- Born: Alexis Sergeevich Troubetzkoy March 6, 1934 Clamart, France
- Died: January 22, 2017 (aged 82) Toronto, Canada
- Occupations: Author, Educator
- Known for: Russian history

= Alexis S. Troubetzkoy =

Writer on Russian history

Alexis Sergeevich Troubetzkoy was an international author notable for his works on Russian history. He also served as the headmaster of Selwyn House School, Appleby College and the Toronto French School in Canada. He was born as a prince of the Trubetskoy family, to parents Prince Serge Grigorievich Troubetzkoy and Princess Lubov Alexeevna Obolensky.
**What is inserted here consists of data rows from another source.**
(* Let $\mathcal M$ be a right Hilbert $C^*$-module over a $C^*$-algebra $A$, let $\mathbb K(\mathcal M)$ be the $C^*$-algebra of compact operators on $\mathcal M$, and let $\mathcal N \subset \mathcal M$ be a closed submodule. Put $J_{\mathcal N} = \{ T \in \mathbb K(\mathcal M) \mid \operatorname{Ran} T \subset \mathcal N \}$, a closed right ideal of $\mathbb K(\mathcal M)$. Then $\mathcal N$ is topologically essential in $\mathcal M$ if and only if $J_{\mathcal N}$ is a topologically essential right ideal of $\mathbb K(\mathcal M)$.
   Context: $\mathbb K(\mathcal M)$ denotes the norm closure of the linear span of the operators $\Theta_{x,y}(z) = x\langle y, z\rangle$, $x,y \in \mathcal M$. A closed submodule $\mathcal N$ of a Hilbert $A$-module $\mathcal M$ is topologically essential if for every nonzero closed submodule $\mathcal K \subset \mathcal M$ one has $\mathcal N \cap \mathcal K \neq \{0\}$. A closed right ideal $J$ of a $C^*$-algebra $B$ is topologically essential if for every nonzero closed right ideal $K \subset B$ one has $J \cap K \neq \{0\}$ (i.e. the module definition applied to $B$ as a right Hilbert module over itself). *)

theory Defs
  imports "HOL-Analysis.Analysis"
begin

definition complex_scalar :: "(complex \<Rightarrow> 'v::real_vector \<Rightarrow> 'v) \<Rightarrow> bool" where
  "complex_scalar sc \<longleftrightarrow>
     (\<forall>r x. sc (complex_of_real r) x = r *\<^sub>R x) \<and>
     (\<forall>c d x. sc (c * d) x = sc c (sc d x)) \<and>
     (\<forall>c d x. sc (c + d) x = sc c x + sc d x) \<and>
     (\<forall>c x y. sc c (x + y) = sc c x + sc c y)"

text \<open>A (not necessarily unital) C*-algebra: a real Banach algebra with a compatible
  complex scalar multiplication and an involution satisfying the C*-identity.\<close>
definition cstar_algebra ::
  "(complex \<Rightarrow> 'a::{real_normed_algebra,banach} \<Rightarrow> 'a) \<Rightarrow> ('a \<Rightarrow> 'a) \<Rightarrow> bool" where
  "cstar_algebra sc st \<longleftrightarrow>
     complex_scalar sc \<and>
     (\<forall>c x y. sc c (x * y) = sc c x * y \<and> sc c (x * y) = x * sc c y) \<and>
     (\<forall>c x. norm (sc c x) = cmod c * norm x) \<and>
     (\<forall>x. st (st x) = x) \<and>
     (\<forall>x y. st (x + y) = st x + st y) \<and>
     (\<forall>c x. st (sc c x) = sc (cnj c) (st x)) \<and>
     (\<forall>x y. st (x * y) = st y * st x) \<and>
     (\<forall>x. norm (st x * x) = (norm x)\<^sup>2)"

definition cstar_positive :: "('a::{real_normed_algebra} \<Rightarrow> 'a) \<Rightarrow> 'a \<Rightarrow> bool" where
  "cstar_positive st a \<longleftrightarrow> (\<exists>b. a = st b * b)"

text \<open>Right Hilbert C*-module: scM complex scalars on M, rm right A-action, ip the
  A-valued inner product (linear in the second variable); the norm of M is the one
  induced by the inner product, and M is complete.\<close>
definition hilbert_module ::
  "(complex \<Rightarrow> 'a::{real_normed_algebra,banach} \<Rightarrow> 'a) \<Rightarrow> ('a \<Rightarrow> 'a)
   \<Rightarrow> (complex \<Rightarrow> 'm::banach \<Rightarrow> 'm) \<Rightarrow> ('m \<Rightarrow> 'a \<Rightarrow> 'm) \<Rightarrow> ('m \<Rightarrow> 'm \<Rightarrow> 'a) \<Rightarrow> bool" where
  "hilbert_module sc st scM rm ip \<longleftrightarrow>
     cstar_algebra sc st \<and> complex_scalar scM \<and>
     (\<forall>x y a. rm (x + y) a = rm x a + rm y a) \<and>
     (\<forall>x a b. rm x (a + b) = rm x a + rm x b) \<and>
     (\<forall>x a b. rm x (a * b) = rm (rm x a) b) \<and>
     (\<forall>c x a. rm (scM c x) a = scM c (rm x a) \<and> rm x (sc c a) = scM c (rm x a)) \<and>
     (\<forall>x y z. ip x (y + z) = ip x y + ip x z) \<and>
     (\<forall>c x y. ip x (scM c y) = sc c (ip x y)) \<and>
     (\<forall>x y a. ip x (rm y a) = ip x y * a) \<and>
     (\<forall>x y. ip y x = st (ip x y)) \<and>
     (\<forall>x. cstar_positive st (ip x x)) \<and>
     (\<forall>x. ip x x = 0 \<longrightarrow> x = 0) \<and>
     (\<forall>x. norm x = sqrt (norm (ip x x)))"

definition closed_submodule ::
  "(complex \<Rightarrow> 'm::real_normed_vector \<Rightarrow> 'm) \<Rightarrow> ('m \<Rightarrow> 'a \<Rightarrow> 'm) \<Rightarrow> 'm set \<Rightarrow> bool" where
  "closed_submodule scM rm N \<longleftrightarrow>
     closed N \<and> 0 \<in> N \<and> (\<forall>x\<in>N. \<forall>y\<in>N. x + y \<in> N) \<and>
     (\<forall>c. \<forall>x\<in>N. scM c x \<in> N) \<and> (\<forall>x\<in>N. \<forall>a. rm x a \<in> N)"

definition top_essential_submodule ::
  "(complex \<Rightarrow> 'm::real_normed_vector \<Rightarrow> 'm) \<Rightarrow> ('m \<Rightarrow> 'a \<Rightarrow> 'm) \<Rightarrow> 'm set \<Rightarrow> bool" where
  "top_essential_submodule scM rm N \<longleftrightarrow>
     (\<forall>K. closed_submodule scM rm K \<and> K \<noteq> {0} \<longrightarrow> N \<inter> K \<noteq> {0})"

definition opdist_le :: "('m::real_normed_vector \<Rightarrow> 'm) \<Rightarrow> ('m \<Rightarrow> 'm) \<Rightarrow> real \<Rightarrow> bool" where
  "opdist_le T S e \<longleftrightarrow> (\<forall>z. norm (T z - S z) \<le> e * norm z)"

definition theta_span ::
  "(complex \<Rightarrow> 'm::real_normed_vector \<Rightarrow> 'm) \<Rightarrow> ('m \<Rightarrow> 'a \<Rightarrow> 'm) \<Rightarrow> ('m \<Rightarrow> 'm \<Rightarrow> 'a)
   \<Rightarrow> ('m \<Rightarrow> 'm) set" where
  "theta_span scM rm ip =
     {F. \<exists>(n::nat) c x y. F = (\<lambda>z. \<Sum>i<n. scM (c i) (rm (x i) (ip (y i) z)))}"

text \<open>K(M): the norm closure of theta_span (in operator norm).\<close>
definition compact_ops ::
  "(complex \<Rightarrow> 'm::real_normed_vector \<Rightarrow> 'm) \<Rightarrow> ('m \<Rightarrow> 'a \<Rightarrow> 'm) \<Rightarrow> ('m \<Rightarrow> 'm \<Rightarrow> 'a)
   \<Rightarrow> ('m \<Rightarrow> 'm) set" where
  "compact_ops scM rm ip =
     {T. \<forall>e>0. \<exists>F\<in>theta_span scM rm ip. opdist_le T F e}"

text \<open>Closed right ideals of K(M) (= closed submodules of K(M) as a right module over itself);
  multiplication in K(M) is composition.\<close>
definition closed_right_ideal ::
  "(complex \<Rightarrow> 'm::real_normed_vector \<Rightarrow> 'm) \<Rightarrow> ('m \<Rightarrow> 'a \<Rightarrow> 'm) \<Rightarrow> ('m \<Rightarrow> 'm \<Rightarrow> 'a)
   \<Rightarrow> ('m \<Rightarrow> 'm) set \<Rightarrow> bool" where
  "closed_right_ideal scM rm ip K \<longleftrightarrow>
     K \<subseteq> compact_ops scM rm ip \<and>
     (\<lambda>_. 0) \<in> K \<and>
     (\<forall>T\<in>K. \<forall>S\<in>K. (\<lambda>z. T z + S z) \<in> K) \<and>
     (\<forall>c. \<forall>T\<in>K. (\<lambda>z. scM c (T z)) \<in> K) \<and>
     (\<forall>T\<in>K. \<forall>S\<in>compact_ops scM rm ip. T \<circ> S \<in> K) \<and>
     (\<forall>T\<in>compact_ops scM rm ip. (\<forall>e>0. \<exists>S\<in>K. opdist_le T S e) \<longrightarrow> T \<in> K)"

definition top_essential_right_ideal ::
  "(complex \<Rightarrow> 'm::real_normed_vector \<Rightarrow> 'm) \<Rightarrow> ('m \<Rightarrow> 'a \<Rightarrow> 'm) \<Rightarrow> ('m \<Rightarrow> 'm \<Rightarrow> 'a)
   \<Rightarrow> ('m \<Rightarrow> 'm) set \<Rightarrow> bool" where
  "top_essential_right_ideal scM rm ip J \<longleftrightarrow>
     (\<forall>K. closed_right_ideal scM rm ip K \<and> K \<noteq> {\<lambda>_. 0} \<longrightarrow> J \<inter> K \<noteq> {\<lambda>_. 0})"

definition J_of ::
  "(complex \<Rightarrow> 'm::real_normed_vector \<Rightarrow> 'm) \<Rightarrow> ('m \<Rightarrow> 'a \<Rightarrow> 'm) \<Rightarrow> ('m \<Rightarrow> 'm \<Rightarrow> 'a)
   \<Rightarrow> 'm set \<Rightarrow> ('m \<Rightarrow> 'm) set" where
  "J_of scM rm ip N = {T \<in> compact_ops scM rm ip. range T \<subseteq> N}"

end

theory Submission
  imports Defs
begin

(* The bridge between submodules and right ideals is the family of rank-one operators
   theta x y = x<y, _>: for x in N it lies in J_N, and theta x x \<noteq> 0 when x \<noteq> 0, since
   <x,x>^2 = <x,x>* <x,x> and the C*-identity give <x,x> = 0 otherwise.
   If N is essential and K is a nonzero closed right ideal, the vectors x with theta x y \<in> K
   for all y form a closed submodule, which is nonzero because T \<circ> theta z y = theta (T z) y
   for T \<in> K; a nonzero x in its intersection with N yields 0 \<noteq> theta x x \<in> J_N \<inter> K.
   Conversely, for a nonzero closed submodule K, J_K is a nonzero closed right ideal, and any
   nonzero T \<in> J_N \<inter> J_K takes a nonzero value in N \<inter> K. *)

lemma sum_lessThan_add_nat:
  fixes f :: "nat \<Rightarrow> 'b::comm_monoid_add"
  shows "(\<Sum>i<n + m. f i) = (\<Sum>i<n. f i) + (\<Sum>i<m. f (n + i))"
  by (induction m) (simp_all add: add.assoc)
(* Let $W,V$ be B-DMCs, $N=2^n$, $i\in\{1,\dots,N\}$, and let $y_1^{2N}$ be distributed according to $W(y_1^{2N}|0_1^{2N})=W(y_1^N|0_1^N)W(y_{N+1}^{2N}|0_1^N)$. Write $L_1=L_{V_N^{(i)}}(y_1^N)$. For $j\in\{2i-1,2i\}$ and $\bowtie\in\{\ge,\le\}$ define, for $b\in\{0,1\}$, $g^{\bowtie}_j(b)=\mathbb E_W\big[\mathbf 1\{L_{V_{2N}^{(j)}}(y_1^{2N})\bowtie1\}\,\big|\,\mathbf 1\{L_1\bowtie1\}=b\big]$ (whenever the conditioning event has positive probability). Then: (a) $g^{\ge}_{2i}(1)\ge g^{\ge}_{2i}(0)$ and $g^{\le}_{2i}(1)\ge g^{\le}_{2i}(0)$; (b) if $\mathbb P_W[L_{V_N^{(i)}}(y_1^N)\le1]\ge\mathbb P_W[L_{V_N^{(i)}}(y_1^N)\ge1]$, then $g^{\ge}_{2i-1}(1)\ge g^{\ge}_{2i-1}(0)$ and $g^{\le}_{2i-1}(1)\ge g^{\le}_{2i-1}(0)$.
   Context: A B-DMC $W:\{0,1\}\to\mathcal Y$ is given by transition probabilities $W(y|x)$, $\mathcal Y$ finite; $L_W(y)=W(y|1)/W(y|0)$. For a B-DMC $W$: $W^-(y_1y_2|u_1)=\sum_{u_2}\tfrac12W(y_1|u_1\oplus u_2)W(y_2|u_2)$, $W^+(y_1y_2u_1|u_2)=\tfrac12W(y_1|u_1\oplus u_2)W(y_2|u_2)$. Synthetic channels: $W_1^{(1)}=W$, $W_{2N}^{(2i-1)}=(W_N^{(i)})^-$, $W_{2N}^{(2i)}=(W_N^{(i)})^+$; an output of $V_N^{(i)}$ is written $(y_1^N,u_1^{i-1})$ as in Arıkan's construction and $L_{V_N^{(i)}}(y_1^N):=L_{V_N^{(i)}}(y_1^N,0_1^{i-1})$. With $L_1=L_{V_N^{(i)}}(y_1^N)$, $L_2=L_{V_N^{(i)}}(y_{N+1}^{2N})$: $L_{V_{2N}^{(2i-1)}}(y_1^{2N})=\frac{L_1+L_2}{1+L_1L_2}$, $L_{V_{2N}^{(2i)}}(y_1^{2N})=L_1L_2$. Notation: $W(y_1^N|0_1^N)=\prod_jW(y_j|0)$, $\mathbb P_W[E]=\sum_{y_1^N}W(y_1^N|0_1^N)\mathbf 1\{E\}$. *)

theory Defs
  imports Complex_Main "HOL-Library.Extended_Real"
begin

text \<open>Binary-input DMC with finite output alphabet 'y; the input alphabet {0,1}
  is encoded by bool (False = 0, True = 1).  W y x stands for W(y|x).\<close>
definition bdmc :: "('y::finite \<Rightarrow> bool \<Rightarrow> real) \<Rightarrow> bool" where
  "bdmc W \<longleftrightarrow> (\<forall>y x. 0 \<le> W y x) \<and> (\<forall>x. (\<Sum>y\<in>UNIV. W y x) = 1)"

text \<open>Universal output alphabet for synthetic channels: Leaf y is an output of W,
  MinusOut a b is an output (a,b) of C^-, PlusOut a b u1 is an output (a,b,u1) of C^+.\<close>
datatype 'y chout = Leaf 'y | MinusOut "'y chout" "'y chout" | PlusOut "'y chout" "'y chout" bool

fun lift_ch :: "('y \<Rightarrow> bool \<Rightarrow> real) \<Rightarrow> 'y chout \<Rightarrow> bool \<Rightarrow> real" where
  "lift_ch W (Leaf y) x = W y x"
| "lift_ch W _ _ = 0"

fun minus_ch :: "('y chout \<Rightarrow> bool \<Rightarrow> real) \<Rightarrow> 'y chout \<Rightarrow> bool \<Rightarrow> real" where
  "minus_ch C (MinusOut a b) u1 = (\<Sum>u2\<in>(UNIV::bool set). 1/2 * C a (u1 \<noteq> u2) * C b u2)"
| "minus_ch C _ _ = 0"

fun plus_ch :: "('y chout \<Rightarrow> bool \<Rightarrow> real) \<Rightarrow> 'y chout \<Rightarrow> bool \<Rightarrow> real" where
  "plus_ch C (PlusOut a b u1) u2 = 1/2 * C a (u1 \<noteq> u2) * C b u2"
| "plus_ch C _ _ = 0"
He taught at Bishop's College School and served in the Royal Canadian Navy for 8 years. He served as the executive director of the Tolstoy Foundation 1992–95. He also helped the International Orthodox Christian Charities gain the release of two of their workers taken hostage. His obituary in the Montreal Gazette mentioned among his published books Imperial Legend: the Disappearance of Tsar Alexander I; A brief history of the Crimean War; Arctic Obsession: the Lure of the Far North; The St. Petersburg Connection.

==Early years==
Troubetzkoy graduated from Kent School, Concordia University and Bishop's University.